Dr Coulson: I think that the definition of coasting is a measured increase in ambition. What you heard earlier was about whether the threshold of 60% under the current measures and then 85% for primary schools gives a ceiling for the number of schools that would come into the scope of being addressed. I would love to address every single school. The draft regulations give a significant increase in ambition to schools that really need a focus, while managing the capacity question that I have been asked several times about how much we can grow the system in order for schools to come into it.
The points we heard about tweaking the measures were all really well made. There is a balance in terms of what the increase of ambition means at this stage in the draft regulations. As crafted now, they show a significant increase in ambition, even if they do not address every single school that people would like to have focused attention on.
Zoe Carr: I would like to pick this up from the primary angle, if I may. The 85% attainment measure—which all aspire to, so we will live up to it and do everything that we can—is more challenging for disadvantaged schools. However, the biggest thing for me is whether affluent schools will be identified under this coasting definition if they achieve the 85% measure but their progress continues to be poor. We must not miss that really important aspect when the Bill passes through Parliament, because we still need ways to identify those sorts of schools. I think that is the reason for the Bill being here in the first place—to try to address the coasting schools in our education system.
If those schools’ progress measures are not above the median for a number of years, yet their attainment is above 85%, it is right that we look at those elements. That is where schools in disadvantaged areas will feel that they are being hit twice by these accountability measures, whereas schools in affluent areas will have a much greater chance of attaining the 85% and their progress will not then really be looked at.
Lee Elliot Major: I was going to make exactly the same point. I worry—for me, it always goes back to the disadvantaged children—about the progress of children in high-attaining schools. I would love the Bill and the discussion to think about those schools in very advantaged areas. A lot of children coming into those schools are already high attaining, therefore the school’s results will generally be higher. My worry is: what about the sometimes small number of children—it is a significant number across the nation if you add them all up—who are not succeeding in those schools? You are then looking at progress measures in both primary and secondary schools. That would be my worry—that we miss out on those hundreds of thousands of children.

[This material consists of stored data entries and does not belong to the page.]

lemma sadic_cylinders_disjoint:
  assumes "s > 0" "m \<noteq> m'"
  shows "sadic_cylinder s n m \<inter> sadic_cylinder s n m' = {}"
proof -
  have "(real a + 1) / real s ^ n \<le> real b / real s ^ n" if "a < b" for a b
    using that assms(1) by (intro divide_right_mono) auto
  then show ?thesis
    using assms(2) unfolding sadic_cylinder_def
    by (cases "m < m'") (fastforce simp: linorder_neq_iff)+
qed

lemma sadic_cylinder_containing:
  assumes "s \<ge> 2" and x: "x \<in> {0<..<1} - sadic_points s"
  obtains m where "m < s ^ n" "x \<in> sadic_cylinder s n m"
proof -
  define m where "m = nat \<lfloor>x * real s ^ n\<rfloor>"
  have sn: "real s ^ n > 0" using assms by simp
  have "real m = of_int \<lfloor>x * real s ^ n\<rfloor>"
    using x sn unfolding m_def by simp
  then have m: "real m \<le> x * real s ^ n" "x * real s ^ n < real m + 1"
    by linarith+
  have "x * real s ^ n \<noteq> real m"
  proof
    assume "x * real s ^ n = real m"
    then have "x = real m / real s ^ n" using sn by (simp add: field_simps)
    then show False using x sadic_pointI[of m s n] by simp
  qed
  with m have "real m < x * real s ^ n" by simp
  with m(2) sn have "x \<in> sadic_cylinder s n m"
    unfolding sadic_cylinder_def by (simp add: field_simps)
  moreover have "x * real s ^ n < real s ^ n" using x sn by simp
  with m(1) have "real m < real s ^ n" by linarith
  then have "m < s ^ n" by (metis of_nat_less_imp_less of_nat_power)
  ultimately show thesis using that by blast
qed

lemma s_adic_cylinders_subset_unc_intervals: "s > 0 \<Longrightarrow> s_adic_cylinders s \<subseteq> unc_intervals"
  unfolding s_adic_cylinders_def unc_intervals_def by (auto intro!: divide_strict_right_mono)

lemma cylinders_meeting_le_pack_eps:
  assumes "s \<ge> 2" "n \<ge> 1" "1 / real s ^ n \<le> eps"
  shows "ennreal (real (card (cylinders_meeting s C n)) * (1 / real s ^ n) powr \<alpha>)
           \<le> pack_eps (s_adic_cylinders s) \<alpha> eps C"
proof -
  define f where "f m = (real m / real s ^ n, (real m + 1) / real s ^ n)" for m
  define F where "F = f ` cylinders_meeting s C n"
  have sn: "real s ^ n > 0" using assms by simp
  have len: "snd (f m) - fst (f m) = 1 / real s ^ n" for m
    unfolding f_def by (simp add: diff_divide_distrib[symmetric])
  have cyl: "{fst (f m)<..<snd (f m)} = sadic_cylinder s n m" for m
    unfolding f_def sadic_cylinder_def by simp
  have inj: "inj_on f (cylinders_meeting s C n)"
    unfolding f_def inj_on_def using sn by auto
  have "is_packing (s_adic_cylinders s) eps C F"
    unfolding is_packing_def
  proof (intro conjI ballI impI)
    show "countable F"
      unfolding F_def by (simp add: countable_finite finite_cylinders_meeting)
    show "F \<subseteq> s_adic_cylinders s"
      using assms(2) unfolding F_def f_def s_adic_cylinders_def cylinders_meeting_def by auto
  next
    fix p assume "p \<in> F"
    then show "case p of (a, b) \<Rightarrow> a < b \<and> b - a \<le> eps \<and> {a<..<b} \<inter> C \<noteq> {}"
      using len assms(3) sn unfolding F_def f_def cylinders_meeting_def sadic_cylinder_def
      by (auto simp: divide_strict_right_mono)
  next
    fix p q assume "p \<in> F" "q \<in> F" "p \<noteq> q"
    then obtain m m' where "p = f m" "q = f m'" "m \<noteq> m'"
      unfolding F_def by blast
    then show "{fst p<..<snd p} \<inter> {fst q<..<snd q} = {}"
      using sadic_cylinders_disjoint[of s] assms(1) by (simp add: cyl)
  qed
  then have "(\<Sum>\<^sub>\<infinity>p\<in>F. ennreal ((snd p - fst p) powr \<alpha>)) \<le> pack_eps (s_adic_cylinders s) \<alpha> eps C"
    unfolding pack_eps_def by (intro SUP_upper) auto
  moreover have "(\<Sum>\<^sub>\<infinity>p\<in>F. ennreal ((snd p - fst p) powr \<alpha>))
      = ennreal (real (card (cylinders_meeting s C n)) * (1 / real s ^ n) powr \<alpha>)"
    unfolding F_def using finite_cylinders_meeting
    by (simp add: sum.reindex[OF inj] len ennreal_of_nat_eq_real_of_nat ennreal_mult)
  ultimately show ?thesis by simp
qed

lemma cylinder_count_bounded_if_pack_zero_finite:
  assumes s: "s \<ge> 2" and fin: "pack_zero (s_adic_cylinders s) \<alpha> C < \<infinity>"
  shows "cylinder_count_bounded s \<alpha> C"
proof -
  obtain eps where "eps > 0" and eps: "pack_eps (s_adic_cylinders s) \<alpha> eps C < \<infinity>"
    using fin unfolding pack_zero_def INF_less_iff by auto
  define M where "M = enn2real (pack_eps (s_adic_cylinders s) \<alpha> eps C)"
  obtain N where N: "(1 / real s) ^ N < eps"
    using real_arch_pow_inv[OF \<open>eps > 0\<close>, of "1 / real s"] s by auto
  have "real (card (cylinders_meeting s C n)) \<le> M * real s powr (\<alpha> * real n)"
    if n: "n \<ge> max 1 N" for n
  proof -
    have "1 / real s ^ n \<le> (1 / real s) ^ N"
      using n s by (simp add: power_one_over[symmetric] power_decreasing)
    then have "ennreal (real (card (cylinders_meeting s C n)) * (1 / real s ^ n) powr \<alpha>) \<le> ennreal M"
      using cylinders_meeting_le_pack_eps[OF s, of n eps C \<alpha>] n N eps
      unfolding M_def by (simp add: less_top)
    then have "real (card (cylinders_meeting s C n)) * (1 / real s ^ n) powr \<alpha> \<le> M"
      using ennreal_le_iff[OF enn2real_nonneg] unfolding M_def by blast
    moreover have "(1 / real s ^ n) powr \<alpha> = 1 / real s powr (\<alpha> * real n)"
      using s by (simp add: powr_divide powr_realpow[symmetric] powr_powr mult.commute)
    ultimately show ?thesis
      using s by (simp add: field_simps)
  qed
  then show ?thesis
    unfolding cylinder_count_bounded_def by blast
qed

section \<open>Packings of sets meeting few cylinders\<close>

definition length_level :: "real \<Rightarrow> real \<Rightarrow> nat" where
  "length_level q l = (LEAST n. q ^ Suc n < l)"

lemma length_level:
  fixes q l :: real
  assumes q: "0 < q" "q < 1" and l: "0 < l" "l \<le> q ^ n1"
  shows "q ^ Suc (length_level q l) < l" "l \<le> q ^ length_level q l" "n1 \<le> length_level q l"
proof -
  obtain N where "q ^ N < l" using real_arch_pow_inv[OF l(1) q(2)] by blast
  then have "\<exists>n. q ^ Suc n < l"
    using q by (metis le_less_trans power_decreasing le_SucI order_refl less_imp_le)
  then show below: "q ^ Suc (length_level q l) < l"
    unfolding length_level_def by (rule LeastI_ex)
  show "l \<le> q ^ length_level q l"
  proof (cases "length_level q l")
    case 0
    then show ?thesis using l q by (metis order_trans power_0 power_le_one less_imp_le)
  next
    case (Suc n)
    then have "\<not> q ^ Suc n < l"
      using not_less_Least[of n "\<lambda>n. q ^ Suc n < l"] unfolding length_level_def by simp
    with Suc show ?thesis by simp
  qed
  show "n1 \<le> length_level q l"
  proof (rule ccontr)
    assume "\<not> n1 \<le> length_level q l"
    then have "q ^ n1 \<le> q ^ Suc (length_level q l)" using q by (intro power_decreasing) auto
    with below l show False by simp
  qed
qed

lemma sum_power_le_geometric:
  fixes r :: real
  assumes "0 \<le> r" "r < 1" "finite S" "\<And>n. n \<in> S \<Longrightarrow> n1 \<le> n"
  shows "(\<Sum>n\<in>S. r ^ n) \<le> r ^ n1 / (1 - r)"
proof -
  define N where "N = Max (insert n1 S)"
  have "S \<subseteq> {n1..N}" "n1 \<le> N" using assms(3,4) unfolding N_def by auto
  then have "(\<Sum>n\<in>S. r ^ n) \<le> (\<Sum>n\<in>{n1..N}. r ^ n)"
    using assms(1) by (intro sum_mono2) auto
  also have "\<dots> = (r ^ n1 - r ^ Suc N) / (1 - r)"
    using \<open>n1 \<le> N\<close> assms(2) by (simp add: sum_gp)
  also have "\<dots> \<le> r ^ n1 / (1 - r)"
    using assms(1,2) by (intro divide_right_mono) auto
  finally show ?thesis .
qed
(* The graph $(C_3\cup P_2)+C_3$ is 1-planar.
   Context: A graph is 1-planar if it has a drawing in the plane in which each edge is crossed at most once. The join $G+H$ is obtained from vertex-disjoint copies of $G$ and $H$ by adding all edges between $V(G)$ and $V(H)$. $C_3$ is the triangle, $P_2$ is a single edge, $\cup$ is disjoint union. *)

theory Defs
  imports "HOL-Analysis.Analysis"
begin

text \<open>A (finite simple) graph is a pair (V, E) of a vertex set and a set of
  edges, each edge being a 2-element subset of V.\<close>

type_synonym 'v graph = "'v set \<times> 'v set set"

definition C3 :: "nat graph" where
  "C3 = ({0,1,2}, {{0,1},{1,2},{0,2}})"

definition P2 :: "nat graph" where
  "P2 = ({0,1}, {{0,1}})"

definition disj_union :: "'a graph \<Rightarrow> 'b graph \<Rightarrow> ('a + 'b) graph" where
  "disj_union G H = (Inl ` fst G \<union> Inr ` fst H,
                     (\<lambda>e. Inl ` e) ` snd G \<union> (\<lambda>e. Inr ` e) ` snd H)"

definition join :: "'a graph \<Rightarrow> 'b graph \<Rightarrow> ('a + 'b) graph" where
  "join G H = (Inl ` fst G \<union> Inr ` fst H,
               (\<lambda>e. Inl ` e) ` snd G \<union> (\<lambda>e. Inr ` e) ` snd H
               \<union> {{Inl u, Inr v} | u v. u \<in> fst G \<and> v \<in> fst H})"

definition drawing :: "'v graph \<Rightarrow> ('v \<Rightarrow> complex) \<Rightarrow> ('v set \<Rightarrow> real \<Rightarrow> complex) \<Rightarrow> bool" where
  "drawing G p c \<longleftrightarrow>
     inj_on p (fst G) \<and>
     (\<forall>e\<in>snd G. \<exists>u v. e = {u, v} \<and> u \<noteq> v \<and> u \<in> fst G \<and> v \<in> fst G \<and>
        arc (c e) \<and> pathstart (c e) = p u \<and> pathfinish (c e) = p v \<and>
        path_image (c e) \<inter> p ` fst G = {p u, p v})"

definition crossings :: "'v graph \<Rightarrow> ('v \<Rightarrow> complex) \<Rightarrow> ('v set \<Rightarrow> real \<Rightarrow> complex)
                         \<Rightarrow> 'v set \<Rightarrow> ('v set \<times> complex) set" where
  "crossings G p c e = {(f, z). f \<in> snd G \<and> f \<noteq> e \<and>
      z \<in> path_image (c e) \<inter> path_image (c f) - p ` fst G}"

definition one_planar :: "'v graph \<Rightarrow> bool" where
  "one_planar G \<longleftrightarrow> (\<exists>p c. drawing G p c \<and>
      (\<forall>e\<in>snd G. \<forall>x\<in>crossings G p c e. \<forall>y\<in>crossings G p c e. x = y))"

end

theory Submission
  imports Defs
begin

text \<open>We give a straight-line drawing with integer coordinates. Two segments meet at most in
  endpoints if the endpoints of one lie strictly on one side of the line through the other, or if
  they share an endpoint and are not parallel; both conditions are decided exactly by integer
  orientation determinants. For every edge, all other edges but at most one pass this test, and
  the remaining one is not parallel to it, so it crosses the edge in at most one point.\<close>

text \<open>The determinant \<open>Re w * Im z - Im w * Re z\<close> of \<open>w\<close> and \<open>z\<close> as vectors of the plane.\<close>

definition cross :: "complex \<Rightarrow> complex \<Rightarrow> real" where
  "cross w z = Im (cnj w * z)"

definition orient :: "complex \<Rightarrow> complex \<Rightarrow> complex \<Rightarrow> real" where
  "orient a b z = cross (b - a) (z - a)"

lemma cross_self [simp]: "cross w w = 0"
  by (simp add: cross_def)

lemma orient_eq_0_at_ends [simp]: "orient a b a = 0" "orient a b b = 0"
  by (simp_all add: orient_def cross_def)

lemma orient_diff: "orient c d b - orient c d a = - cross (b - a) (d - c)"
  by (simp add: orient_def cross_def algebra_simps)

lemma orient_convex_combination:
  "orient a b ((1 - t) *\<^sub>R c + t *\<^sub>R d) = (1 - t) * orient a b c + t * orient a b d"
  by (simp add: orient_def cross_def algebra_simps)

lemma orient_closed_segment_eq_0:
  assumes "z \<in> closed_segment a b"
  shows "orient a b z = 0"
proof -
  obtain t where "z = (1 - t) *\<^sub>R a + t *\<^sub>R b"
    using assms by (auto simp: in_segment)
  then show ?thesis
    by (simp add: orient_convex_combination)
qed

lemma closed_segment_Int_eq_empty_if_same_side:
  assumes "0 < orient a b c * orient a b d"
  shows "closed_segment a b \<inter> closed_segment c d = {}"
proof (rule equals0I)
  fix z assume z: "z \<in> closed_segment a b \<inter> closed_segment c d"
  then obtain t where t: "0 \<le> t" "t \<le> 1" "z = (1 - t) *\<^sub>R c + t *\<^sub>R d"
    by (auto simp: in_segment)
  let ?c = "orient a b c" and ?d = "orient a b d"
  have "0 < ?c * ((1 - t) * ?c + t * ?d)"
  proof (cases "t = 0")
    case False
    have "0 \<le> (1 - t) * ?c\<^sup>2" using t by simp
    moreover have "0 < t * (?c * ?d)" using False t assms by simp
    ultimately show ?thesis by (simp add: algebra_simps power2_eq_square)
  qed (use assms in \<open>auto simp: zero_less_mult_iff\<close>)
  moreover have "orient a b z = 0" using z orient_closed_segment_eq_0 by blast
  ultimately show False by (simp add: t(3) orient_convex_combination)
qed

lemma closed_segment_Int_subsingleton:
  assumes "cross (b - a) (d - c) \<noteq> 0"
    and "z1 \<in> closed_segment a b \<inter> closed_segment c d"
    and "z2 \<in> closed_segment a b \<inter> closed_segment c d"
  shows "z1 = z2"
proof -
  obtain t1 where t1: "z1 = (1 - t1) *\<^sub>R a + t1 *\<^sub>R b"
    using assms(2) by (auto simp: in_segment)
  obtain t2 where t2: "z2 = (1 - t2) *\<^sub>R a + t2 *\<^sub>R b"
    using assms(3) by (auto simp: in_segment)
  have "orient c d z1 = 0" "orient c d z2 = 0"
    using assms(2,3) orient_closed_segment_eq_0 by blast+
  then have "(1 - t1) * orient c d a + t1 * orient c d b = 0"
    "(1 - t2) * orient c d a + t2 * orient c d b = 0"
    by (simp_all only: t1 t2 orient_convex_combination)
  then have "(t1 - t2) * (orient c d b - orient c d a) = 0"
    by (simp add: algebra_simps)
  with assms(1) show ?thesis by (simp add: t1 t2 orient_diff)
qed

lemma closed_segment_Int_eq_shared_endpoint:
  assumes "cross (b - a) (d - c) \<noteq> 0" and "s \<in> {a, b} \<inter> {c, d}"
  shows "closed_segment a b \<inter> closed_segment c d = {s}"
  using assms closed_segment_Int_subsingleton[OF assms(1)] by auto

definition lattice_point :: "int \<times> int \<Rightarrow> complex" where
  "lattice_point a = Complex (of_int (fst a)) (of_int (snd a))"

definition det_int :: "int \<times> int \<Rightarrow> int \<times> int \<Rightarrow> int" where
  "det_int a b = fst a * snd b - snd a * fst b"

lemma lattice_point_diff: "lattice_point (a - b) = lattice_point a - lattice_point b"
  by (simp add: lattice_point_def complex_eq_iff)

lemma inj_lattice_point: "inj lattice_point"
  by (rule injI) (simp add: lattice_point_def complex_eq_iff prod_eq_iff)

lemma cross_lattice_point: "cross (lattice_point a) (lattice_point b) = of_int (det_int a b)"
  by (simp add: cross_def det_int_def lattice_point_def)

lemma orient_lattice_point:
  "orient (lattice_point a) (lattice_point b) (lattice_point c) = of_int (det_int (b - a) (c - a))"
  by (simp add: orient_def lattice_point_diff[symmetric] cross_lattice_point)

lemma lattice_point_notin_closed_segment:
  assumes "det_int (b - a) (c - a) \<noteq> 0"
  shows "lattice_point c \<notin> closed_segment (lattice_point a) (lattice_point b)"
  using assms orient_closed_segment_eq_0 by (force simp: orient_lattice_point)

text \<open>A sufficient criterion only: overlapping collinear segments never satisfy it.\<close>

definition touch_only_at_ends :: "int \<times> int \<Rightarrow> int \<times> int \<Rightarrow> int \<times> int \<Rightarrow> int \<times> int \<Rightarrow> bool" where
  "touch_only_at_ends a b c d \<longleftrightarrow>
     0 < det_int (b - a) (c - a) * det_int (b - a) (d - a) \<or>
     0 < det_int (d - c) (a - c) * det_int (d - c) (b - c) \<or>
     ({a, b} \<inter> {c, d} \<noteq> {} \<and> det_int (b - a) (d - c) \<noteq> 0)"

lemma closed_segment_Int_subset_if_touch_only_at_ends:
  assumes "touch_only_at_ends a b c d"
  shows "closed_segment (lattice_point a) (lattice_point b) \<inter> closed_segment (lattice_point c) (lattice_point d)
           \<subseteq> lattice_point ` {a, b, c, d}"
  using assms unfolding touch_only_at_ends_def
proof (elim disjE conjE)
  assume "0 < det_int (b - a) (c - a) * det_int (b - a) (d - a)"
  then show ?thesis
    by (simp add: closed_segment_Int_eq_empty_if_same_side orient_lattice_point flip: of_int_mult)
next
  assume "0 < det_int (d - c) (a - c) * det_int (d - c) (b - c)"
  then have "closed_segment (lattice_point c) (lattice_point d) \<inter> closed_segment (lattice_point a) (lattice_point b) = {}"
    by (simp add: closed_segment_Int_eq_empty_if_same_side orient_lattice_point flip: of_int_mult)
  then show ?thesis by blast
next
  assume "{a, b} \<inter> {c, d} \<noteq> {}" and "det_int (b - a) (d - c) \<noteq> 0"
  then obtain s where "s \<in> {a, b} \<inter> {c, d}" by blast
  then have "lattice_point s \<in> {lattice_point a, lattice_point b} \<inter> {lattice_point c, lattice_point d}"
    by auto
  with \<open>det_int (b - a) (d - c) \<noteq> 0\<close> show ?thesis
    by (subst closed_segment_Int_eq_shared_endpoint)
       (auto simp: cross_lattice_point lattice_point_diff[symmetric])
qed

definition edge_ends :: "'v set \<Rightarrow> 'v \<times> 'v" where
  "edge_ends e = (SOME (u, v). e = {u, v})"

lemma edge_ends_doubleton: "edge_ends {u, v} = (u, v) \<or> edge_ends {u, v} = (v, u)"
proof -
  have "\<exists>uv. (\<lambda>(x, y). {u, v} = {x, y}) uv" by auto
  then have "(\<lambda>(x, y). {u, v} = {x, y}) (edge_ends {u, v})"
    unfolding edge_ends_def by (rule someI_ex)
  then show ?thesis by (auto simp: doubleton_eq_iff split: prod.splits)
qed

definition straight_line :: "('v \<Rightarrow> complex) \<Rightarrow> 'v set \<Rightarrow> real \<Rightarrow> complex" where
  "straight_line p e = linepath (p (fst (edge_ends e))) (p (snd (edge_ends e)))"

lemma path_image_straight_line:
  "path_image (straight_line p {u, v}) = closed_segment (p u) (p v)"
  using edge_ends_doubleton[of u v]
  by (auto simp: straight_line_def closed_segment_commute)

lemma drawing_straight_line:
  assumes inj: "inj_on p (fst G)"
    and edges: "\<forall>e\<in>snd G. \<exists>u v. e = {u, v} \<and> u \<noteq> v \<and> u \<in> fst G \<and> v \<in> fst G \<and>
                  closed_segment (p u) (p v) \<inter> p ` fst G \<subseteq> {p u, p v}"
  shows "drawing G p (straight_line p)"
  unfolding drawing_def
proof (intro conjI ballI inj)
  fix e assume "e \<in> snd G"
  then obtain u v where uv: "e = {u, v}" "u \<noteq> v" "u \<in> fst G" "v \<in> fst G"
    and seg: "closed_segment (p u) (p v) \<inter> p ` fst G \<subseteq> {p u, p v}"
    using edges by blast
  define x y where "x = fst (edge_ends e)" and "y = snd (edge_ends e)"
  have xy: "{x, y} = {u, v}"
    using edge_ends_doubleton[of u v] by (auto simp: x_def y_def uv(1))
  then have x_y: "x \<noteq> y" "x \<in> fst G" "y \<in> fst G"
    using uv by (auto simp: doubleton_eq_iff)
  then have "p x \<noteq> p y"
    using inj by (auto dest: inj_onD)
  have line: "straight_line p e = linepath (p x) (p y)"
    by (simp add: straight_line_def x_def y_def)
  have "closed_segment (p x) (p y) \<inter> p ` fst G = {p x, p y}"
    using seg x_y xy by (auto simp: doubleton_eq_iff closed_segment_commute)
  moreover have "e = {x, y}" using xy uv(1) by simp
  ultimately show "\<exists>x y. e = {x, y} \<and> x \<noteq> y \<and> x \<in> fst G \<and> y \<in> fst G \<and>
      arc (straight_line p e) \<and> pathstart (straight_line p e) = p x \<and>
      pathfinish (straight_line p e) = p y \<and>
      path_image (straight_line p e) \<inter> p ` fst G = {p x, p y}"
    unfolding line using \<open>p x \<noteq> p y\<close> x_y by (intro exI[of _ x] exI[of _ y]) simp
qed

definition crossing_candidates ::
    "('v \<Rightarrow> int \<times> int) \<Rightarrow> ('v \<times> 'v) list \<Rightarrow> 'v \<Rightarrow> 'v \<Rightarrow> ('v \<times> 'v) list" where
  "crossing_candidates q es u v =
     [(x, y) \<leftarrow> es. (x, y) \<noteq> (u, v) \<and> \<not> touch_only_at_ends (q u) (q v) (q x) (q y)]"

One final point—I was not here for Dr Allen’s evidence, but year groups come and go and can be very different in a school, so I like the fact that this will be triggered by a three-year passage of time. That is a sensible approach.
John Pugh
Q 91 I have two questions for Zoe Carr. You told us about the laudable efforts and improvements made by your trust. If, in years to come—heaven forbid—some of your schools or perhaps your whole trust is found to be coasting, you could not reasonably object to having imposed upon you the same disciplines, rigours and procedures as applied by the legislation to the maintained sector, could you?
Zoe Carr: Absolutely not. In my experience, through the work of the regional school commissioner and the headteacher board, those are exactly the rigours that the academy sector has now. The data for each academy are looked at in a great deal of detail and where schools are found not to be performing well enough then an immediate intervention is put in place.